• What needs to be done
The answer must be a single number: how many lines in the entries hold the string "infty".

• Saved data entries
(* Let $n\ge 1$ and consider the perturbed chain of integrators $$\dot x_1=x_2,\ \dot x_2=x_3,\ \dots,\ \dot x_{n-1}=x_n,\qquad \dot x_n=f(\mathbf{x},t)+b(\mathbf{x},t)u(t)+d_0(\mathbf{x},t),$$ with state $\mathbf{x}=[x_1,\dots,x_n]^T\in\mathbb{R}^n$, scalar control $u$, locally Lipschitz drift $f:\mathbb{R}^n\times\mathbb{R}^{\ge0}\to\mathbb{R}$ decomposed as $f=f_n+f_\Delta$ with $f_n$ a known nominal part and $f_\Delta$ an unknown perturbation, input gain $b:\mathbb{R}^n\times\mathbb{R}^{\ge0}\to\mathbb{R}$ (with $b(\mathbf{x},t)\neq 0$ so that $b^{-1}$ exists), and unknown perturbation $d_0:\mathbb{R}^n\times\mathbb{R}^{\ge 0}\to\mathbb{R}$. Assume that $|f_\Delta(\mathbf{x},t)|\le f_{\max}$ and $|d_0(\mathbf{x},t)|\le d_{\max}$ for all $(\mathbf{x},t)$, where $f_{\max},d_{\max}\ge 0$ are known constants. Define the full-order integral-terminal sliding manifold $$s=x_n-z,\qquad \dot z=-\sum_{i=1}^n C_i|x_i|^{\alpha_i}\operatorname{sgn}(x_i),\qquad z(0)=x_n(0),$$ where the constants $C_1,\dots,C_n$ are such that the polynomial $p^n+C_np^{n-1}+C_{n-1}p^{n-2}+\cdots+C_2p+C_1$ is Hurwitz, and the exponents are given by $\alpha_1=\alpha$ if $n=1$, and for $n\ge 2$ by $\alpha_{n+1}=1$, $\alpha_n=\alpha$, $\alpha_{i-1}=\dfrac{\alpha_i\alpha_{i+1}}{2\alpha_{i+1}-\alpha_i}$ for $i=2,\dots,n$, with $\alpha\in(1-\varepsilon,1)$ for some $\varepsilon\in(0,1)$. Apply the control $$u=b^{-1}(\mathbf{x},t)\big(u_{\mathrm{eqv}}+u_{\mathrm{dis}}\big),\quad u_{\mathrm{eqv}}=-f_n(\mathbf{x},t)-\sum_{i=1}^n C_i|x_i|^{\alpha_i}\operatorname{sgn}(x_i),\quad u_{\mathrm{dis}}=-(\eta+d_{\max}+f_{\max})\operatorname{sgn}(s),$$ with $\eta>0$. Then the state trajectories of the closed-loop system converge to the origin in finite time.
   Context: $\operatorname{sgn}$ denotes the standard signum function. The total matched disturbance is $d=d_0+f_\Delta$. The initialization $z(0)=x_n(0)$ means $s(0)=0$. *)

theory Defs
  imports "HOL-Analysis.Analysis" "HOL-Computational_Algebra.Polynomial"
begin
==
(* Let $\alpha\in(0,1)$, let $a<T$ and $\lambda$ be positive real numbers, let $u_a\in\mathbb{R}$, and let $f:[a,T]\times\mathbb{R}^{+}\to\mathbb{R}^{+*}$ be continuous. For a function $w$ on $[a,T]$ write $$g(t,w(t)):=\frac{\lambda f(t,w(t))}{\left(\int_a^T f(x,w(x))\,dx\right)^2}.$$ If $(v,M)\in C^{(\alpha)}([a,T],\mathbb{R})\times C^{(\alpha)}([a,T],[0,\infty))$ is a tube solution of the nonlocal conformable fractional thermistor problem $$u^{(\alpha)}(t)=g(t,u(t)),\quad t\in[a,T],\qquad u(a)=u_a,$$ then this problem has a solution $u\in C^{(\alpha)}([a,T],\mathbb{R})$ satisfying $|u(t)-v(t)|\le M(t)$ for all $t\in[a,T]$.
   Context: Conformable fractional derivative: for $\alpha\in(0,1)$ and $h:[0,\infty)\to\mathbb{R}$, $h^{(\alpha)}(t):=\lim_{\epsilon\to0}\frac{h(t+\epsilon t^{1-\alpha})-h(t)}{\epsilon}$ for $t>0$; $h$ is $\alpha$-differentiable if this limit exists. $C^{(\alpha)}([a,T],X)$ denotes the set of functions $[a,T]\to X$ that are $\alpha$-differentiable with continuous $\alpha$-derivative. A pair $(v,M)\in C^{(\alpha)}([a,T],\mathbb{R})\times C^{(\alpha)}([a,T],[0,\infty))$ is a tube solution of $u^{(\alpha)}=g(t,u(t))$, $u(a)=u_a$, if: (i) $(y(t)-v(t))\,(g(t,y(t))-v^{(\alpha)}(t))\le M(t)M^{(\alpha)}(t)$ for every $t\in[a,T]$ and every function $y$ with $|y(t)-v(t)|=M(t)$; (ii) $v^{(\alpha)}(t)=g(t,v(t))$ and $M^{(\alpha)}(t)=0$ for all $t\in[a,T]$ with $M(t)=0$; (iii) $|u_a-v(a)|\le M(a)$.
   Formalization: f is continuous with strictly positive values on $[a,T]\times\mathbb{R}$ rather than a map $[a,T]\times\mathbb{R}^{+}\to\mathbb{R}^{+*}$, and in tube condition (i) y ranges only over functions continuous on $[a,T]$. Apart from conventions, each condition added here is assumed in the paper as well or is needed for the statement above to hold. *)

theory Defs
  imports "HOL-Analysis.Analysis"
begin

• Exercise answer
2